Well since hes got no other use I think im gonna dry him and keep the skull, cool to look at his teeth up close.

f*ck... i was really planning on keeping all of them haha, the joys of piranha care....

I gotta say the funny part was i woke up, rolled over, and saw my 6 inch pleco knawing on his head. Since i was half asleep my first thought was the pleco killed him.

Plecos killing piranhas signs of the apocalypse


----------



## Buckman (Jan 10, 2007)

boil the head to keep the skull, don't bother drying it. sorry for your loss but thats part of keeping pygos my friend. thats why i'm a proud rhom owner.


----------



## FretsOnFire00 (Sep 10, 2009)

Boil it? for how long?


----------



## Piranha_man (Jan 29, 2005)

Yeah, I'm pretty familiar with the "Only a head left" routine...
You'll see more of this the longer you stay in the hobby.

Sorry for the loss though.


----------



## Us And Them (Dec 4, 2008)

speakyourmind said:


> LOL, all they left was the head.


LMFAO.


----------



## PDOGGY (Apr 17, 2008)

FretsOnFire00 said:


> Boil it? for how long?


Bring the water to a boil, then add the piranha head and then add some baking soda. The baking soda makes the flesh and meat turn to a jelly like substance that is way easier to scrape off! If you don't use baking soda, it is nothing like jelly and more like muscle that is a lot of work! Boil for about 15-20 mins, scrape then if needed boil again for 10 mins then scrape.
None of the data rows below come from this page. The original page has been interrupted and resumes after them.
(* Let $p\in(0,1)$, let $\mathbb D[0,1]\subset\mathbb{C}$ be the open disk having the segment $[0,1]$ as a diameter, and define on holomorphic functions $f$ on $\mathbb D[0,1]$ \[ \mathcal B_p f(z)=\frac{p}{(1+z)^2}f\!\left(\frac1{1+z}\right)+\frac{1-p}{(1+z)^2}f\!\left(1-\frac1{1+z}\right), \] \[ \mathcal A_p f(z)=\sum_{n=2}^\infty\left[\frac{p}{(n+z)^2}f\!\left(\frac1{n+z}\right)+\frac{1-p}{(n+z)^2}f\!\left(1-\frac1{n+z}\right)\right]. \] Then the operator $\widehat{\mathcal L}_p=\mathcal A_p(1-\mathcal B_p)^{-1}$ is a well-defined nuclear operator on $\mathcal H^\infty(\mathbb D[0,1])$.
   Context: $\mathcal H^\infty(\mathbb D[0,1])$ denotes the Banach space of bounded holomorphic functions on $\mathbb D[0,1]$ with the supremum norm. *)

theory Defs
  imports "HOL-Analysis.Analysis"
begin

definition Dsk :: "complex set" where
  "Dsk = ball (1/2) (1/2)"

text \<open>H-infinity of the disk, realised as functions that are holomorphic and bounded on
  the disk and (as a normalisation, so that equality of functions is equality on the disk)
  zero outside it.\<close>
definition Hinf :: "(complex \<Rightarrow> complex) set" where
  "Hinf = {f. f holomorphic_on Dsk \<and> bounded (f ` Dsk) \<and> (\<forall>z. z \<notin> Dsk \<longrightarrow> f z = 0)}"

definition hnorm :: "(complex \<Rightarrow> complex) \<Rightarrow> real" where
  "hnorm f = (SUP z\<in>Dsk. norm (f z))"

definition bdd_functional :: "((complex \<Rightarrow> complex) \<Rightarrow> complex) \<Rightarrow> bool" where
  "bdd_functional \<phi> \<longleftrightarrow>
     (\<forall>f\<in>Hinf. \<forall>g\<in>Hinf. \<phi> (\<lambda>z. f z + g z) = \<phi> f + \<phi> g) \<and>
     (\<forall>f\<in>Hinf. \<forall>c. \<phi> (\<lambda>z. c * f z) = c * \<phi> f) \<and>
     (\<exists>C. \<forall>f\<in>Hinf. norm (\<phi> f) \<le> C * hnorm f)"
Post up final pics!


----------



## Piranha_man (Jan 29, 2005)

Or you could just preserve the whole head...

I've got about 7 piranhas perfectly preserved, and a head also.

One of these days I'm gonna find the perfect bogwood and mount it all in a "Feeding frenzy" pose with the appearance that the 7 piranha are eating a dead piranha.


----------



## Buckman (Jan 10, 2007)

Piranha_man said:


> Or you could just preserve the whole head...
> 
> I've got about 7 piranhas perfectly preserved, and a head also.
> 
> One of these days I'm gonna find the perfect bogwood and mount it all in a "Feeding frenzy" pose with the appearance that the 7 piranha are eating a dead piranha.


why not eating a dead cat? you stuffed that sucker right?


----------



## Piranha_man (Jan 29, 2005)

That would be much better!

But alas, I have no cat, let alone a dead one, let alone a preserved one.


----------



## BanditBrother (Nov 8, 2003)

Sorry for your loss man!!!! U gna replece it??


----------



## FretsOnFire00 (Sep 10, 2009)

No i'm not gonna replace him, my tank was getting over stocked anyone I WAS going to sell him and another one but a lil too late.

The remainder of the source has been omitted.